Third, DATAR led to the creation of the first Canadian computer companies and of electronics research centres within other Canadian firms. Ferranti turned the digital expertise it gained during the project into some of the computing world’s first achievements. In 1956, the company developed a computerized mail-sorting system for Canada Post. Two years later, it installed its computerized cheque-sorting system at New York’s Federal Reserve Bank. In 1961 the company built the world’s first computerized airline reservation system, ResrVec, for Trans-Canada Air Lines, and in 1962 it offered the first Canadian- designed and commercially sold general-purpose computer — the FP6000. Finally, the DATAR project spawned the country’s first generation of digital electronics engineers.
In retrospect, the 1950s were an astonishingly fertile period in computing research and development around the world, and DATAR exemplified these rapid advancements in Canada. Why is it, then, that Belyea’s invention is still so little known?

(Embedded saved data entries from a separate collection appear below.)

definition dn :: "nat \<Rightarrow> atom \<Rightarrow> atom \<Rightarrow> real" where
  "dn n a b = \<bar>snd a - snd b\<bar>"

end

theory Submission
  imports Defs
begin

text \<open>Every increasing affine map of a single block A_m lies in G, and a metric in N_R has a
  support E in I, so for some block A_m outside E it is invariant under all these maps. They act
  transitively on pairs of distinct points of A_m, hence such a metric is constant off the
  diagonal of A_m and induces the discrete topology there. Since A_m is open in the direct sum,
  its points would be isolated, whereas singletons are not open in the order topology of the
  reals. The same affine maps move the graph of d_m to the graph of a function that is none of
  the d_k, so the family of the d_n has no support in I.\<close>

lemma mem_tau_iff: "U \<in> tau n \<longleftrightarrow> (\<exists>V. open V \<and> U = {n} \<times> V)"
  unfolding tau_def open_generated_order by auto

lemma times_mem_tau_iff: "{n} \<times> V \<in> tau n \<longleftrightarrow> open V"
  unfolding mem_tau_iff by (auto simp: times_eq_iff)

lemma tau_subset_A: "U \<in> tau n \<Longrightarrow> U \<subseteq> A n"
  unfolding mem_tau_iff A_def by auto

lemma A_mem_tau: "A n \<in> tau n"
  unfolding A_def times_mem_tau_iff by simp

lemma tau_subset_sum_top: "U \<in> tau n \<Longrightarrow> U \<in> sum_top"
proof -
  assume U: "U \<in> tau n"
  have "U \<inter> A k \<in> tau k" for k
  proof (cases "k = n")
    case False
    then have "U \<inter> A k = {k} \<times> {}" using tau_subset_A[OF U] unfolding A_def by auto
    then show ?thesis using times_mem_tau_iff[of k "{}"] by simp
  qed (use U tau_subset_A in \<open>simp add: Int_absorb2\<close>)
  then show ?thesis unfolding sum_top_def by blast
qed

lemma open_vimage_strict_mono_surj:
  fixes f :: "'a::{dense_linorder, linorder_topology} \<Rightarrow> 'a"
  assumes "strict_mono f" "surj f" "open V"
  shows "open (f -` V)"
proof (rule open_vimage[OF \<open>open V\<close>], rule continuous_onI_mono)
  show "open (range f)" using \<open>surj f\<close> by simp
qed (use assms(1) in \<open>simp add: strict_mono_less_eq\<close>)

To answer this question, one has to recall that the 1950s were also a period of extreme geopolitical tensions caused by the Cold War that began soon after the end of the Second World War. This situation forced the RCN to classify most of its projects for naval applications, including DATAR, as secret or confidential. As a result, no information about them reached the general public.

According to a statement from the Royal Canadian Navy public affairs office, “The RCN is unaware of any documents relating to DATAR being destroyed.” It is therefore intriguing that, out of hundreds of DATAR-related documents produced by or for the RCN, only a dozen files have been deposited at Library and Archives Canada, where the files from the 1950s are held. In Belyea’s view, after DATAR was discontinued, the records were sealed for several years and ultimately destroyed, “except for the odd stray copy in possession of those most intimately involved and which could not be shared or released in publication until the classification was lifted — if ever.” He disclosed that, “from my habit of working nights and weekends away from the office, and accordingly, having a locked trunk at home, I was left with some classified reference material which I mostly destroyed but retained some nostalgic examples until after the classification expired.” What was left was donated to the York University Computer Museum by the Belyea estate.

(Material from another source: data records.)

(* Let $m\ge1$, $n\ge1$, $N>2n$, and let $\mathbf y$ be a stationary reciprocal process of order $n$ on $\mathbb Z_N$ with conjugate process $\mathbf d(t)=\mathbf y(t)-\hat{\mathbb E}[\mathbf y(t)\mid\mathbf y(s),s\ne t]$. Then there exist constant matrices $F_{-n},\dots,F_{-1},F_1,\dots,F_n\in\mathbb R^{m\times m}$ such that, with $F_0=I_m$, $$\sum_{k=-n}^{n}F_k\,\mathbf y(t-k)=\mathbf d(t),\qquad t=1,\dots,N,$$ where the values outside $[1,N]$ are given by the cyclic boundary conditions $\mathbf y(k)=\mathbf y(N+k)$, $k=-n+1,\dots,n$. Equivalently, $\mathbf F_N\mathbf y=\mathbf d$, where $\mathbf F_N$ is the $mN\times mN$ banded block-circulant matrix whose first block column is $(I_m,F_1,\dots,F_n,0,\dots,0,F_{-n},\dots,F_{-1})$. If $\mathbf y$ is full rank, this description is unique.
   Context: A process on $\mathbb Z_N$ is a zero-mean second-order $\mathbb R^m$-valued process $\{\mathbf y(t)\}_{t=1}^N$, time indices taken modulo $N$, whose covariance $\boldsymbol\Sigma_N=\mathbb E\,\mathbf y\mathbf y^\top$ is symmetric block-circulant (its $(i,j)$ block depends only on $(i-j)\bmod N$, so the block-circulant matrix is determined by its first block column); such a process is stationary. Full rank means $\boldsymbol\Sigma_N>0$. $\hat{\mathbb E}[\cdot\mid\cdot]$ is orthogonal projection onto the closed linear span of the scalar components of the conditioning variables. Subspaces $\mathcal A,\mathcal B$ are conditionally orthogonal given $\mathcal C$ if $a-\hat{\mathbb E}[a\mid\mathcal C]$ and $b-\hat{\mathbb E}[b\mid\mathcal C]$ are uncorrelated for all $a\in\mathcal A,b\in\mathcal B$. The process is reciprocal of order $n$ if for every cyclic interval $(t_1,t_2)$ the variables $\{\mathbf y(t):t\in(t_1,t_2)\}$ are conditionally orthogonal to $\{\mathbf y(s):s\notin(t_1,t_2)\}$ given $\mathbf y(t_1-n+1),\dots,\mathbf y(t_1),\mathbf y(t_2),\dots,\mathbf y(t_2+n-1)$. *)

theory Defs
  imports "HOL-Analysis.Analysis"
begin

text \<open>A second-order R^m-valued process on Z_N is modelled as a family of vectors
  y t i (time t :: int, component i < m) in a real inner product space
  (the Hilbert space of zero-mean finite-variance random variables, inner product =
  covariance), periodic in t with period N.\<close>

definition proj :: "'a::real_inner set \<Rightarrow> 'a \<Rightarrow> 'a" where
  "proj S x = (THE p. p \<in> span S \<and> (\<forall>s\<in>S. inner (x - p) s = 0))"

definition cond_orth :: "'a::real_inner set \<Rightarrow> 'a set \<Rightarrow> 'a set \<Rightarrow> bool" where
  "cond_orth A B C \<longleftrightarrow>
     (\<forall>a\<in>span A. \<forall>b\<in>span B. inner (a - proj C a) (b - proj C b) = 0)"

definition vars :: "(int \<Rightarrow> nat \<Rightarrow> 'a) \<Rightarrow> nat \<Rightarrow> int set \<Rightarrow> 'a set" where
  "vars y m T = {y t i | t i. t \<in> T \<and> i < m}"

definition periodic_proc :: "(int \<Rightarrow> nat \<Rightarrow> 'a) \<Rightarrow> nat \<Rightarrow> bool" where
  "periodic_proc y N \<longleftrightarrow> (\<forall>t i. y (t + int N) i = y t i)"

definition stationary :: "(int \<Rightarrow> nat \<Rightarrow> 'a::real_inner) \<Rightarrow> nat \<Rightarrow> bool" where
  "stationary y m \<longleftrightarrow>
     (\<forall>t s k i j. i < m \<longrightarrow> j < m \<longrightarrow> inner (y (t + k) i) (y (s + k) j) = inner (y t i) (y s j))"

definition reciprocal :: "(int \<Rightarrow> nat \<Rightarrow> 'a::real_inner) \<Rightarrow> nat \<Rightarrow> nat \<Rightarrow> nat \<Rightarrow> bool" where
  "reciprocal y m N n \<longleftrightarrow>
     (\<forall>t1 t2::int. t1 < t2 \<longrightarrow>
        cond_orth (vars y m {t. t1 < t \<and> t < t2})
                  (vars y m {s. \<forall>t. t1 < t \<and> t < t2 \<longrightarrow> s mod int N \<noteq> t mod int N})
                  (vars y m ({t1 - int n + 1 .. t1} \<union> {t2 .. t2 + int n - 1})))"

definition conj_proc :: "(int \<Rightarrow> nat \<Rightarrow> 'a::real_inner) \<Rightarrow> nat \<Rightarrow> nat \<Rightarrow> int \<Rightarrow> nat \<Rightarrow> 'a" where
  "conj_proc y m N t i = y t i - proj (vars y m {s. s mod int N \<noteq> t mod int N}) (y t i)"

definition full_rank :: "(int \<Rightarrow> nat \<Rightarrow> 'a::real_inner) \<Rightarrow> nat \<Rightarrow> nat \<Rightarrow> bool" where
  "full_rank y m N \<longleftrightarrow>
     (\<forall>c :: int \<Rightarrow> nat \<Rightarrow> real. (\<exists>t\<in>{1..int N}. \<exists>i<m. c t i \<noteq> 0) \<longrightarrow>
        (\<Sum>t\<in>{1..int N}. \<Sum>i<m. \<Sum>s\<in>{1..int N}. \<Sum>j<m.
            c t i * c s j * inner (y t i) (y s j)) > 0)"

text \<open>F k i j is the (i,j) entry of the m x m matrix F_k, k = -n..n.\<close>
definition recip_model :: "(int \<Rightarrow> nat \<Rightarrow> nat \<Rightarrow> real) \<Rightarrow> (int \<Rightarrow> nat \<Rightarrow> 'a::real_inner)
    \<Rightarrow> nat \<Rightarrow> nat \<Rightarrow> nat \<Rightarrow> (int \<Rightarrow> nat \<Rightarrow> 'a) \<Rightarrow> bool" where
  "recip_model F y m n N d \<longleftrightarrow>
     (\<forall>i<m. \<forall>j<m. F 0 i j = (if i = j then 1 else 0)) \<and>
     (\<forall>t\<in>{1..int N}. \<forall>i<m.
        (\<Sum>k\<in>{- int n..int n}. \<Sum>j<m. F k i j *\<^sub>R y (t - k) j) = d t i)"

end

theory Submission
  imports Defs
begin

text \<open>Taking \<open>t\<^sub>1 = t - 1\<close> and \<open>t\<^sub>2 = t + 1\<close> in the reciprocal property, \<open>y(t)\<close> is
  conditionally orthogonal to all other variables given its \<open>2n\<close> neighbours
  \<open>y(t \<plusminus> 1), \<dots>, y(t \<plusminus> n)\<close>; as \<open>N > 2n\<close> these neighbours are among the other variables,
  so the projection of \<open>y(t)\<close> on all other variables is already its projection on the
  neighbours. By stationarity the coefficients of that projection do not depend on \<open>t\<close>,
  and \<open>F\<^sub>k\<close> is minus the coefficient of lag \<open>k\<close>. Uniqueness: two such models differ by a
  vanishing linear combination of \<open>y(1), \<dots>, y(2n+1)\<close>, which full rank forbids.\<close>

lemma proj_eqI:
  fixes x :: "'a::real_inner"
  assumes "p \<in> span S" and "\<forall>s\<in>S. inner (x - p) s = 0"
  shows "proj S x = p"
  unfolding proj_def
proof (rule the_equality)
  fix q assume q: "q \<in> span S \<and> (\<forall>s\<in>S. inner (x - q) s = 0)"
  have "p - q \<in> span S"
    using q assms(1) by (simp add: span_diff)
  moreover have "\<forall>s\<in>S. orthogonal (p - q) s"
    using q assms(2) by (simp add: orthogonal_def inner_diff_left)
  ultimately have "orthogonal (p - q) (p - q)"
    using orthogonal_to_span by blast
  then show "q = p"
    by (simp add: orthogonal_def)
qed (use assms in auto)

At least Belyea’s collection of documents — together with the declassified DATAR documents at Library and Archives Canada — offers a glimpse into the creation and development of DATAR. It paints a portrait of a Canadian pioneer of digital technology; of the originator, delineator, and propeller of one of Canada’s most significant technological achievements; of DATAR’s virgin digital technology, its developmental hurdles, its funding struggles, and its ultimate proof of merit.
Belyea retired from the RCN in 1974. He spent his last service years in the National Defence Headquarters as the design authority overseeing training simulators for the three-armed services. “As a naval officer Jim was required to spend time at sea,” recalled Belyea’s son, Eric Belyea. “While I know that he enjoyed his sea time, his heart was in the engineering work that today would likely be classified as a cross between computer science and gaming tech.... His work might be seen as a precursor to many of the combat and strategy games popular with computer gamers.”
Lieutenant Commander James Belyea died in Victoria in November 2013.